(* Let $w \in \mathfrak{S}_n$ be a prism and let $i \in \textsf{supp}(w)$ be unconfined in the reduced words of $w$, with $i-1 \in \textsf{supp}(w)$ and $i+1 \in \textsf{supp}(w)$. Let $R = \{(a,2) : 0 \le a \le 4\} \cup \{(2,b) : 0 \le b \le 4\}$, $U = \{(a,b) : a \in \{0,1,2\},\ b \in \{3,4\}\}$ and $D = \{(a,b) : a \in \{3,4\},\ b \in \{0,1,2\}\}$. Then $w$ contains at least one of the following calibrated mesh patterns, each with calibration $x_2 = i$ and $y_2 = i$: (a) $(4123, R \cup D)$; (b) $(2341, R \cup U)$; (c) $(3142, R \cup U \cup D)$; (d) $(2413, R \cup U \cup D)$.
   Context: Reduced words, support, Bruhat order: $\sigma_i$ swaps $i,i+1$; a reduced word of $w$ is a minimal-length word $i_1\cdots i_\ell$ with $w=\sigma_{i_1}\cdots\sigma_{i_\ell}$; $\textsf{supp}(w)$ is the set of letters in any reduced word; $u\preceq w$ iff a reduced word of $u$ is a subword of one of $w$; $B(w)=\{u:u\preceq w\}$; $w$ is a prism if $B(w)\cong\mathbf{2}\times X$ for some poset $X$ ($\mathbf{2}$ the two-element chain). A letter $i$ appearing exactly once in a reduced word $s$ is unconfined in $s$ if that occurrence is neither between two $i+1$'s nor between two $i-1$'s; this then holds in all reduced words of $w$. Calibrated mesh patterns: let $p \in \mathfrak{S}_k$ (written in one-line notation) and $M \subseteq \{0,\dots,k\}^2$ (cell $(a,b)$ is the unit square with lower-left corner $(a,b)$ in the grid $[0,k+1]^2$ containing the graph $\{(j,p(j))\}$ of $p$). An occurrence of $p$ in $w \in \mathfrak{S}_n$ is a choice of positions $x_1<\cdots<x_k$ such that $w(x_1)\cdots w(x_k)$ is in the same relative order as $p(1)\cdots p(k)$; let $y_1<\cdots<y_k$ be the values $\{w(x_1),\dots,w(x_k)\}$ in increasing order, and set $x_0=y_0=0$, $x_{k+1}=y_{k+1}=n+1$. Such an occurrence is an occurrence of the mesh pattern $(p,M)$ if for every $(a,b)\in M$ there is no $x$ with $x_a < x < x_{a+1}$ and $y_b < w(x) < y_{b+1}$. A calibrated mesh pattern additionally prescribes values for some of the $x_a$ and $y_b$; $w$ contains it if $w$ has an occurrence of $(p,M)$ meeting those prescriptions. *)

theory Defs
  imports "HOL-Combinatorics.Combinatorics" "HOL-Library.Sublist"
begin

definition sigma :: "nat \<Rightarrow> nat \<Rightarrow> nat" where
  "sigma i = Transposition.transpose i (Suc i)"

definition word_perm :: "nat list \<Rightarrow> nat \<Rightarrow> nat" where
  "word_perm ws = foldr (\<lambda>i f. sigma i \<circ> f) ws id"

definition is_word :: "nat \<Rightarrow> nat list \<Rightarrow> bool" where
  "is_word n ws \<longleftrightarrow> set ws \<subseteq> {1..<n}"

definition reduced_word :: "nat \<Rightarrow> (nat \<Rightarrow> nat) \<Rightarrow> nat list \<Rightarrow> bool" where
  "reduced_word n w ws \<longleftrightarrow> is_word n ws \<and> word_perm ws = w \<and>
     (\<forall>vs. is_word n vs \<and> word_perm vs = w \<longrightarrow> length ws \<le> length vs)"

definition supp :: "nat \<Rightarrow> (nat \<Rightarrow> nat) \<Rightarrow> nat set" where
  "supp n w = (\<Union>{set ws | ws. reduced_word n w ws})"

definition bruhat_le :: "nat \<Rightarrow> (nat \<Rightarrow> nat) \<Rightarrow> (nat \<Rightarrow> nat) \<Rightarrow> bool" where
  "bruhat_le n u w \<longleftrightarrow> (\<exists>su sw. reduced_word n u su \<and> reduced_word n w sw \<and> subseq su sw)"

definition bruhat_interval :: "nat \<Rightarrow> (nat \<Rightarrow> nat) \<Rightarrow> (nat \<Rightarrow> nat) set" where
  "bruhat_interval n w = {u. u permutes {1..n} \<and> bruhat_le n u w}"

definition partial_order_on_set :: "'a set \<Rightarrow> ('a \<Rightarrow> 'a \<Rightarrow> bool) \<Rightarrow> bool" where
  "partial_order_on_set X le \<longleftrightarrow>
     (\<forall>x\<in>X. le x x) \<and>
     (\<forall>x\<in>X. \<forall>y\<in>X. le x y \<and> le y x \<longrightarrow> x = y) \<and>
     (\<forall>x\<in>X. \<forall>y\<in>X. \<forall>z\<in>X. le x y \<and> le y z \<longrightarrow> le x z)"

text \<open>w is a prism if B(w) is isomorphic (as a poset, under Bruhat order) to 2 x X for
  some poset X; 2 = {False < True}, product order.  Since B(w) is finite, X may be taken
  with carrier a set of natural numbers.\<close>
definition prism :: "nat \<Rightarrow> (nat \<Rightarrow> nat) \<Rightarrow> bool" where
  "prism n w \<longleftrightarrow> (\<exists>(X :: nat set) (leX :: nat \<Rightarrow> nat \<Rightarrow> bool) (f :: (nat \<Rightarrow> nat) \<Rightarrow> bool \<times> nat).
     partial_order_on_set X leX \<and>
     bij_betw f (bruhat_interval n w) (UNIV \<times> X) \<and>
     (\<forall>u\<in>bruhat_interval n w. \<forall>v\<in>bruhat_interval n w.
        bruhat_le n u v \<longleftrightarrow> (fst (f u) \<le> fst (f v) \<and> leX (snd (f u)) (snd (f v)))))"

definition unconfined_in :: "nat \<Rightarrow> nat list \<Rightarrow> bool" where
  "unconfined_in i s \<longleftrightarrow> count_list s i = 1 \<and>
     (\<forall>p < length s. s ! p = i \<longrightarrow>
        \<not> (\<exists>a b. a < p \<and> p < b \<and> b < length s \<and> s ! a = Suc i \<and> s ! b = Suc i) \<and>
        \<not> (\<exists>a b. a < p \<and> p < b \<and> b < length s \<and> s ! a = i - 1 \<and> s ! b = i - 1))"

definition contains_cal_mesh ::
  "nat \<Rightarrow> (nat \<Rightarrow> nat) \<Rightarrow> nat list \<Rightarrow> (nat \<times> nat) set \<Rightarrow> (nat \<times> nat) set \<Rightarrow> (nat \<times> nat) set \<Rightarrow> bool" where
  "contains_cal_mesh n w p M CX CY \<longleftrightarrow> (let k = length p in
     \<exists>x y :: nat \<Rightarrow> nat.
       x 0 = 0 \<and> x (Suc k) = Suc n \<and> y 0 = 0 \<and> y (Suc k) = Suc n \<and>
       (\<forall>j\<in>{1..k}. 1 \<le> x j \<and> x j \<le> n) \<and>
       (\<forall>j\<in>{1..<k}. x j < x (Suc j)) \<and>
       (\<forall>j\<in>{1..k}. \<forall>l\<in>{1..k}. w (x j) < w (x l) \<longleftrightarrow> p ! (j - 1) < p ! (l - 1)) \<and>
       (\<forall>j\<in>{1..<k}. y j < y (Suc j)) \<and>
       y ` {1..k} = (\<lambda>j. w (x j)) ` {1..k} \<and>
       (\<forall>(a, b)\<in>M. \<not> (\<exists>z. x a < z \<and> z < x (Suc a) \<and> y b < w z \<and> w z < y (Suc b))) \<and>
       (\<forall>(a, v)\<in>CX. x a = v) \<and> (\<forall>(b, v)\<in>CY. y b = v))"

definition meshR :: "(nat \<times> nat) set" where
  "meshR = {(a, 2) | a. a \<le> 4} \<union> {(2, b) | b. b \<le> 4}"

definition meshU :: "(nat \<times> nat) set" where
  "meshU = {(a, b) | a b. a \<in> {0, 1, 2} \<and> b \<in> {3, 4}}"

definition meshD :: "(nat \<times> nat) set" where
  "meshD = {(a, b) | a b. a \<in> {3, 4} \<and> b \<in> {0, 1, 2}}"

end

theory Submission
  imports Defs
begin

text \<open>Split a reduced word of \<open>w\<close> at its only letter \<open>i\<close>: \<open>w = u \<sigma>\<^sub>i v\<close> where \<open>u\<close> and \<open>v\<close>
  map \<open>{1..i}\<close> onto itself. Hence exactly one position \<open>p \<le> i\<close> has a value above \<open>i\<close> and exactly
  one position \<open>q > i\<close> has a value at most \<open>i\<close>, namely \<open>p = v\<^sup>-\<^sup>1(i)\<close> and \<open>q = v\<^sup>-\<^sup>1(i+1)\<close>,
  with \<open>w(p) = u(i+1)\<close> and \<open>w(q) = u(i)\<close>. As \<open>i\<close> is unconfined, \<open>i+1\<close> is missing from \<open>u\<close> or
  from \<open>v\<close>, so \<open>q = i+1\<close> or \<open>w(p) = i+1\<close>; likewise \<open>p = i\<close> or \<open>w(q) = i\<close>.

  Since reduced words have as many letters as \<open>w\<close> has inversions, every letter \<open>j\<close> of a
  reduced word makes some value above \<open>j\<close> precede some value at most \<open>j\<close>. For \<open>j = i+1\<close> and
  \<open>j = i-1\<close> this excludes \<open>q = w(p) = i+1\<close> and \<open>p = w(q) = i\<close>. Each of the four remaining cases
  gives one of the patterns at positions \<open>x\<^sub>1 < i < i+1 < x\<^sub>4\<close>: a point in a shaded cell would
  cross level \<open>i\<close>, so it would be \<open>p\<close> or \<open>q\<close>, but these are points of the occurrence.\<close>

lemma word_perm_Nil [simp]: "word_perm [] = id"
  by (simp add: word_perm_def)

lemma word_perm_Cons [simp]: "word_perm (k # ws) = sigma k \<circ> word_perm ws"
  by (simp add: word_perm_def)

lemma word_perm_append: "word_perm (xs @ ys) = word_perm xs \<circ> word_perm ys"
  by (induction xs) auto

lemma is_word_Cons [simp]: "is_word n (k # ws) \<longleftrightarrow> 1 \<le> k \<and> k < n \<and> is_word n ws"
  by (auto simp: is_word_def)

lemma sigma_permutes: "1 \<le> k \<Longrightarrow> k < n \<Longrightarrow> sigma k permutes {1..n}"
  unfolding sigma_def by (rule permutes_swap_id) auto

lemma sigma_involutory [simp]: "sigma k (sigma k x) = x"
  by (simp add: sigma_def)

lemma sigma_le_iff: "k \<noteq> j \<Longrightarrow> sigma k x \<le> j \<longleftrightarrow> x \<le> j"
  by (auto simp: sigma_def transpose_def)

lemma sigma_less_sigma_iff:
  assumes "\<not> (u = k \<and> v = Suc k)" "\<not> (u = Suc k \<and> v = k)"
  shows "sigma k u < sigma k v \<longleftrightarrow> u < v"
  using assms by (auto simp: sigma_def transpose_def)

───

:: DIRECTIONS ::
Please give the count of lines above with "imports", nothing else.

:: COMPLETED EXERCISE ::
2